最初の 「夜明け」 はラヴェルの作品の中で最も美しい音楽の一つで、繊細にして雄大だ。メロディの美しさも素晴らしいがその背後で 「岩から流れる露が集まった小川のささやき」 を冒頭から順番に木管やハープにチェレスタ!それにヴァイオリン等が奏でるのが効果的だ。そしてピッコロやフルート、それに3人ヴァイオリンソロの鳥達の声!

その絵画のような色鮮やかな音の世界は魔法だ!
僕が一番好きなのは、海賊に捕われたはずのクロエが逃げて帰って来てダフニスの腕に飛び込む場面。

切れ目なく演奏される2曲めの 「無言劇」 ではフルートのソロが活躍する。(話の内容等はプログラムを参照してください)。またこの 「無言劇」 では弦楽器からどれだけ甘くてしっとりしたフレンチなサウンドを引き出せるかが勝負。
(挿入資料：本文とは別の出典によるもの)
(* Let $u\in A$ be a minimiser of $\mathcal M$ on $A$. Then $u$ is also a minimiser of $\mathcal L$ on $A$.
   Context: Let $\Omega\subset\mathbb{R}^n$, $p_0,p_1\in\Omega$, and $A=\{u\in H^1([0,1],\Omega): u(0)=p_0,\ u(1)=p_1\}$. Let $V:\Omega\to\mathbb{R}$ be continuous and strictly positive. $\mathcal M(u)=\frac12\int_0^1|\dot u(t)|^2dt\int_0^1V(u(t))\,dt$ and $\mathcal L(u)=\int_0^1|\dot u(t)|\sqrt{V(u(t))}\,dt$. *)

theory Defs
  imports "HOL-Analysis.Analysis"
begin

text \<open>H^1([0,1], R^n) is realised as the space of absolutely continuous curves with
square-integrable derivative: u is in H^1 with weak derivative g iff g is square
integrable on [0,1] and u(t) = u(0) + int_0^t g for all t in [0,1].\<close>

definition H1_weak_deriv :: "(real \<Rightarrow> real ^ 'n) \<Rightarrow> (real \<Rightarrow> real ^ 'n) \<Rightarrow> bool" where
  "H1_weak_deriv u g \<longleftrightarrow>
     g absolutely_integrable_on {0..1} \<and>
     (\<lambda>t. (norm (g t))\<^sup>2) integrable_on {0..1} \<and>
     (\<forall>t\<in>{0..1}. u t = u 0 + integral {0..t} g)"

definition H1 :: "(real \<Rightarrow> real ^ 'n) \<Rightarrow> bool" where
  "H1 u \<longleftrightarrow> (\<exists>g. H1_weak_deriv u g)"

text \<open>The (weak) derivative; it is unique almost everywhere, which is all the integrals see.\<close>
definition wderiv :: "(real \<Rightarrow> real ^ 'n) \<Rightarrow> real \<Rightarrow> real ^ 'n" where
  "wderiv u = (SOME g. H1_weak_deriv u g)"

definition admissible :: "(real ^ 'n) set \<Rightarrow> real ^ 'n \<Rightarrow> real ^ 'n \<Rightarrow> (real \<Rightarrow> real ^ 'n) set" where
  "admissible \<Omega> p0 p1 = {u. H1 u \<and> (\<forall>t\<in>{0..1}. u t \<in> \<Omega>) \<and> u 0 = p0 \<and> u 1 = p1}"

definition Mfun :: "(real ^ 'n \<Rightarrow> real) \<Rightarrow> (real \<Rightarrow> real ^ 'n) \<Rightarrow> real" where
  "Mfun V u = (1/2) * integral {0..1} (\<lambda>t. (norm (wderiv u t))\<^sup>2) * integral {0..1} (\<lambda>t. V (u t))"

definition Lfun :: "(real ^ 'n \<Rightarrow> real) \<Rightarrow> (real \<Rightarrow> real ^ 'n) \<Rightarrow> real" where
  "Lfun V u = integral {0..1} (\<lambda>t. norm (wderiv u t) * sqrt (V (u t)))"

end

theory Submission
  imports Defs
begin
(* Consider a two-hop amplify-and-forward network with a source, a destination and $K$ energy-harvesting relays $R_1,\dots,R_K$, each with a battery, operating over time slots $t=1,2,\dots$. In slot $t$ the source transmits with power $P$; relay $R_k$ splits its received power $P|h_k(t)|^2$ with ratios $\lambda_{k,I}(t),\lambda_{k,F}(t),\lambda_{k,B}(t)\ge0$, $\lambda_{k,I}(t)+\lambda_{k,F}(t)+\lambda_{k,B}(t)=1$: fraction $\lambda_{k,I}(t)$ is used for information (then corrupted by noise of variance $\sigma_b^2>0$), fraction $\lambda_{k,F}(t)$ is harvested for immediate forwarding, giving power $\eta_1\lambda_{k,F}(t)P|h_k(t)|^2$, and fraction $\lambda_{k,B}(t)$ charges the battery, adding energy $\eta_1\eta_2\lambda_{k,B}(t)P|h_k(t)|^2$, where $\eta_1,\eta_2\in(0,1]$. The relay additionally discharges $b_{k,F}(t)$ with $0\le b_{k,F}(t)\le B_k(t)$ from its battery, where $B_k(t)$ is the battery level at the start of slot $t$, and transmits with power $p_{k,R}(t)=\eta_1\lambda_{k,F}(t)P|h_k(t)|^2+b_{k,F}(t)$; the battery evolves as $B_k(t+1)=B_k(t)+\eta_1\eta_2\lambda_{k,B}(t)P|h_k(t)|^2-b_{k,F}(t)$. With amplification gain $\beta_k(t)=\sqrt{p_{k,R}(t)/(\lambda_{k,I}(t)P|h_k(t)|^2+\sigma_b^2)}$ and phase-aligned distributed beamforming, the SNR at the destination in slot $t$ is $$SNR(t)=\frac{P\Big(\sum_{k=1}^K\beta_k(t)|h_k(t)g_k(t)|\sqrt{\lambda_{k,I}(t)}\Big)^2}{\sum_{k=1}^K\beta_k(t)^2|g_k(t)|^2\sigma_b^2+\sigma_D^2},$$ with $\sigma_D^2>0$. In the greedy method, at each slot $t$ the decision $(\lambda_{k,I}(t),\lambda_{k,F}(t),\lambda_{k,B}(t),b_{k,F}(t))_{k}$ is chosen to maximize $\tfrac12\log(1+SNR(t))$ given the current battery levels $B_k(t)$, ignoring the effect on later slots. If all batteries are empty initially ($B_k(1)=0$ for all $k$), then the greedy-optimized joint power-splitting and battery operation design uses up the harvested energy at each transmission: $\lambda_{k,B}(t)=0$ and $b_{k,F}(t)=0$ for all $k$ and all $t$, and all batteries remain empty.
   Context: $h_k(t)$ and $g_k(t)$ are the complex source–relay and relay–destination channel gains in slot $t$; $\eta_1$ is the RF-to-DC conversion efficiency and $\eta_2$ the battery storage efficiency. Antenna noise is neglected. Battery energies take values in a discrete set of levels, which does not affect the statement since no charging/discharging occurs. *)

theory Defs
  imports Complex_Main
begin

text \<open>All per-slot quantities below are functions of the
relay index k (for a fixed slot). Parameters: P source power, sb2 = relay noise variance,
sD2 = destination noise variance, eta1 = RF-to-DC efficiency.\<close>

definition relay_power :: "real \<Rightarrow> real \<Rightarrow> complex \<Rightarrow> real \<Rightarrow> real \<Rightarrow> real" where
  "relay_power eta1 P h lF bF = eta1 * lF * P * (cmod h)^2 + bF"

definition amp_gain :: "real \<Rightarrow> real \<Rightarrow> real \<Rightarrow> complex \<Rightarrow> real \<Rightarrow> real \<Rightarrow> real \<Rightarrow> real" where
  "amp_gain eta1 P sb2 h lI lF bF =
     sqrt (relay_power eta1 P h lF bF / (lI * P * (cmod h)^2 + sb2))"

definition snr :: "nat \<Rightarrow> real \<Rightarrow> real \<Rightarrow> real \<Rightarrow> real \<Rightarrow>
    (nat \<Rightarrow> complex) \<Rightarrow> (nat \<Rightarrow> complex) \<Rightarrow>
    (nat \<Rightarrow> real) \<Rightarrow> (nat \<Rightarrow> real) \<Rightarrow> (nat \<Rightarrow> real) \<Rightarrow> real" where
  "snr K P sb2 sD2 eta1 h g lI lF bF =
     P * (\<Sum>k<K. amp_gain eta1 P sb2 (h k) (lI k) (lF k) (bF k) * cmod (h k * g k) * sqrt (lI k))^2
     / ((\<Sum>k<K. (amp_gain eta1 P sb2 (h k) (lI k) (lF k) (bF k))^2 * (cmod (g k))^2 * sb2) + sD2)"

definition rate :: "nat \<Rightarrow> real \<Rightarrow> real \<Rightarrow> real \<Rightarrow> real \<Rightarrow>
    (nat \<Rightarrow> complex) \<Rightarrow> (nat \<Rightarrow> complex) \<Rightarrow>
    (nat \<Rightarrow> real) \<Rightarrow> (nat \<Rightarrow> real) \<Rightarrow> (nat \<Rightarrow> real) \<Rightarrow> real" where
  "rate K P sb2 sD2 eta1 h g lI lF bF = 1/2 * ln (1 + snr K P sb2 sD2 eta1 h g lI lF bF)"
(* Let $A$ be a normed vector space, give $A^\vee$ the dual norm, let $X$ be a topological space, let $\kappa\colon X\to\mathrm{Max}\,A$ be a map and let $\kappa^\vee=F\circ\kappa\colon X\to\mathrm{Max}\,A^\vee$. (1) If $(X,A,\kappa)$ and $(X,A^\vee,\kappa^\vee)$ are both quotient vector bundles, then they are both continuous normed quotient vector bundles. (2) If $A$ is locally uniformly convex and $(X,A^\vee,\kappa^\vee)$ is a continuous normed quotient vector bundle, then $(X,A,\kappa)$ is a continuous normed quotient vector bundle. (3) If $A$ is reflexive and Fréchet smooth and $(X,A,\kappa)$ is a continuous normed quotient vector bundle, then $(X,A^\vee,\kappa^\vee)$ is a continuous normed quotient vector bundle.
   Context: Scalars are $\mathbb C$. $\mathrm{Max}\,A$ is the set of closed subspaces of $A$; $A^\vee$ is the space of continuous linear functionals with the dual norm; $F(V)=\{\phi\in A^\vee:\phi|_V=0\}$. The lower Vietoris topology on the set of subspaces of a normed space $B$ is generated by $\{V:V\cap U\ne\emptyset\}$, $U\subset B$ open. A quotient vector bundle is a triple $(X,B,\kappa)$ with $\kappa$ continuous from $X$ into the subspaces of $B$ with the lower Vietoris topology; its associated linear bundle $E$ is the quotient of $B\times X$ by $(a,x)\sim(b,x)\iff a-b\in\kappa(x)$, with quotient map $q$. When $B$ is normed, $(X,B,\kappa)$ is a continuous normed quotient vector bundle if it is a quotient vector bundle and the function $E\to\mathbb R$, $q(a,x)\mapsto\mathrm{dist}(a,\kappa(x))$, is continuous. $A$ is locally uniformly convex if for all $a\in A$ and sequences $(a_n)$, $\lim(2\|a\|^2+2\|a_n\|^2-\|a+a_n\|^2)=0$ implies $\lim\|a-a_n\|=0$. $A$ is Fréchet smooth if for every $a$ with $\|a\|=1$ the limit $\lim_{\delta\to0}(\|a-\delta b\|-\|a\|)/\delta$ exists uniformly in $b$ with $\|b\|=1$. *)

theory Defs
  imports "HOL-Analysis.Analysis"
begin

text \<open>HOL provides only real normed vector spaces; a complex normed space is a real
normed space with a compatible complex scalar multiplication.\<close>

class cnormed_vector = real_normed_vector +
  fixes scaleC :: "complex \<Rightarrow> 'a \<Rightarrow> 'a"
  assumes scaleC_scaleR: "scaleC (complex_of_real r) x = scaleR r x"
    and scaleC_add_right: "scaleC a (x + y) = scaleC a x + scaleC a y"
    and scaleC_add_left: "scaleC (a + b) x = scaleC a x + scaleC b x"
    and scaleC_scaleC: "scaleC a (scaleC b x) = scaleC (a * b) x"
    and norm_scaleC: "norm (scaleC a x) = cmod a * norm x"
切れ目なく最後の 「全員の踊り」。ここではどこまで各パートのバランスをとれるかが重要。バランスがうまく取れれば転調がより鮮やかになる。但しそればかり気にすると熱狂的でなくなる。
冷静に大乱舞できるかどうか・・・・・・本番が終わるまで分からない曲なのだ。


 ところでラヴェルはマザコンだった。そして母親を失った悲しみから一生立ち直れなかった作曲家だと言われてる。


 ラヴェルが大好きだったヨハン・シュトラウスのウィンナワルツへのオマージュとして 「ラ ヴァルス」 を着想(最初は曲名は違った)し始めた頃、世の中は不安の暗闇に包まれていてついに第一次世界大戦が勃発。
ラヴェルは決して屈強な体格ではなかったのになんと軍隊入りを志願して入隊。
その2年後に最愛の母親を亡くし、その深い悲しみと戦争の悲劇で彼自身深い暗闇の中に落ち込んでしまう。ひどい不眠症に襲われて苦しむ日々が続く。

そして終戦の翌年に完成された(ラヴェル45歳) 「ラ ヴァルス」 の冒頭は深い闇からの訴えのように始まる。
鮮やかなオーケストレーションと変幻自在の調性・・・!
最初は優雅だったはずのワルツはやがて狂ったように旋回をはじめ最後は叫びを上げ・・・発狂する・・・!強烈な音楽だ。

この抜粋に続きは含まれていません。